lemma comeager_ball_imp_ball_subset_differences:
  fixes S :: "'a::{complete_space,real_normed_vector} set"
  assumes "meager (ball x\<^sub>0 r - S)"
  shows "ball 0 r \<subseteq> {u - v | u v. u \<in> S \<and> v \<in> S}"
proof
  fix w :: 'a
  assume "w \<in> ball 0 r"
  then have w: "norm w < r" by simp
  let ?B = "ball x\<^sub>0 (r - norm w)"
  show "w \<in> {u - v | u v. u \<in> S \<and> v \<in> S}"
  proof (rule ccontr)
    assume w_notin: "w \<notin> {u - v | u v. u \<in> S \<and> v \<in> S}"
    have "?B \<subseteq> (ball x\<^sub>0 r - S) \<union> (+) w ` (ball x\<^sub>0 r - S)"
    proof
      fix y
      assume "y \<in> ?B"
      moreover have "dist x\<^sub>0 (y - w) \<le> dist x\<^sub>0 y + norm w"
        using dist_triangle[of x\<^sub>0 "y - w" y] by (simp add: dist_norm)
      moreover have "norm w \<ge> 0" by simp
      ultimately have y: "y \<in> ball x\<^sub>0 r" "y - w \<in> ball x\<^sub>0 r"
        unfolding mem_ball by linarith+
      have "y - (y - w) = w" by simp
      then have "y \<notin> S \<or> y - w \<notin> S"
        using w_notin by fastforce
      moreover have "y = w + (y - w)" by simp
      ultimately show "y \<in> (ball x\<^sub>0 r - S) \<union> (+) w ` (ball x\<^sub>0 r - S)"
        using y by blast
    qed
    moreover have "meager ((ball x\<^sub>0 r - S) \<union> (+) w ` (ball x\<^sub>0 r - S))"
      using assms by (intro meager_Un meager_translation)
    ultimately have "meager ?B" by (rule meager_subset[rotated])
    moreover have "x\<^sub>0 \<in> ?B" using w by simp
    ultimately show False using nonempty_open_not_meager[of ?B] by blast
  qed
qed

lemma linear_funpow:
  fixes T :: "'a::real_vector \<Rightarrow> 'a"
  assumes "linear T"
  shows "linear (T ^^ n)"
proof (induction n)
  case 0
  show ?case by (simp add: real_vector.linear_ident)
next
  case (Suc n)
  then show ?case using linear_compose[OF _ assms] by (simp add: comp_def)
qed

lemma ball_subset_imp_scaleR_mem:
  fixes D :: "'a::real_normed_vector set"
  assumes "r > 0" "ball 0 r \<subseteq> D"
  shows "\<exists>c>0. c *\<^sub>R z \<in> D"
proof -
  define c where "c = r / (norm z + 1)"
  have pos: "norm z + 1 > 0" using norm_ge_zero[of z] by linarith
  then have "c > 0" using assms(1) by (simp add: c_def)
  have "norm (c *\<^sub>R z) = r * norm z / (norm z + 1)"
    using assms(1) pos by (simp add: c_def)
  also have "\<dots> < r" using assms(1) pos by (simp add: field_simps)
  finally have "c *\<^sub>R z \<in> ball 0 r" by simp
  with \<open>c > 0\<close> assms(2) show ?thesis by blast
qed

lemma unif_li_yorke_scrambled_UNIV_if_absorbing_differences:
  fixes T :: "'a::real_normed_vector \<Rightarrow> 'a"
  assumes "linear T" "unif_li_yorke_scrambled T S"
    and absorbing: "\<And>z. \<exists>c>0. c *\<^sub>R z \<in> {u - v | u v. u \<in> S \<and> v \<in> S}"
  shows "unif_li_yorke_scrambled T UNIV"
proof -
  obtain p q where pq: "\<And>u v. u \<in> S \<Longrightarrow> v \<in> S \<Longrightarrow> u \<noteq> v \<Longrightarrow>
      ((\<lambda>n. norm ((T ^^ p n) u - (T ^^ p n) v)) \<longlonglongrightarrow> 0) \<and>
      filterlim (\<lambda>n. norm ((T ^^ q n) u - (T ^^ q n) v)) at_top sequentially"
    using assms(2) unfolding unif_li_yorke_scrambled_def by blast
  have "((\<lambda>n. norm ((T ^^ p n) x - (T ^^ p n) y)) \<longlonglongrightarrow> 0) \<and>
      filterlim (\<lambda>n. norm ((T ^^ q n) x - (T ^^ q n) y)) at_top sequentially"
    if "x \<noteq> y" for x y
  proof -
    obtain c u v where c: "c > 0" and uv: "u \<in> S" "v \<in> S" "u - v = c *\<^sub>R (x - y)"
      using absorbing[of "x - y"] by force
    have "u \<noteq> v" using c uv(3) \<open>x \<noteq> y\<close> by auto
    have scale: "norm ((T ^^ n) x - (T ^^ n) y) = inverse c * norm ((T ^^ n) u - (T ^^ n) v)"
      for n
      using linear_funpow[OF assms(1), of n] c uv(3)
      by (simp add: linear_diff[symmetric] linear_scale)
    have "(\<lambda>n. inverse c * norm ((T ^^ p n) u - (T ^^ p n) v)) \<longlonglongrightarrow> inverse c * 0"
      using pq[OF uv(1,2) \<open>u \<noteq> v\<close>] by (intro tendsto_mult tendsto_const) auto
    moreover have
      "filterlim (\<lambda>n. inverse c * norm ((T ^^ q n) u - (T ^^ q n) v)) at_top sequentially"
      using pq[OF uv(1,2) \<open>u \<noteq> v\<close>] c
      by (intro filterlim_tendsto_pos_mult_at_top[OF tendsto_const]) auto
    ultimately show ?thesis by (simp add: scale)
  qed
  moreover have "\<exists>x y :: 'a. x \<noteq> y"
    using assms(2) unfolding unif_li_yorke_scrambled_def by blast
  ultimately show ?thesis
    unfolding unif_li_yorke_scrambled_def by blast
qed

*Exercise*
Only a number is needed: how many lines of the material above contain "case"?

*Output below*
4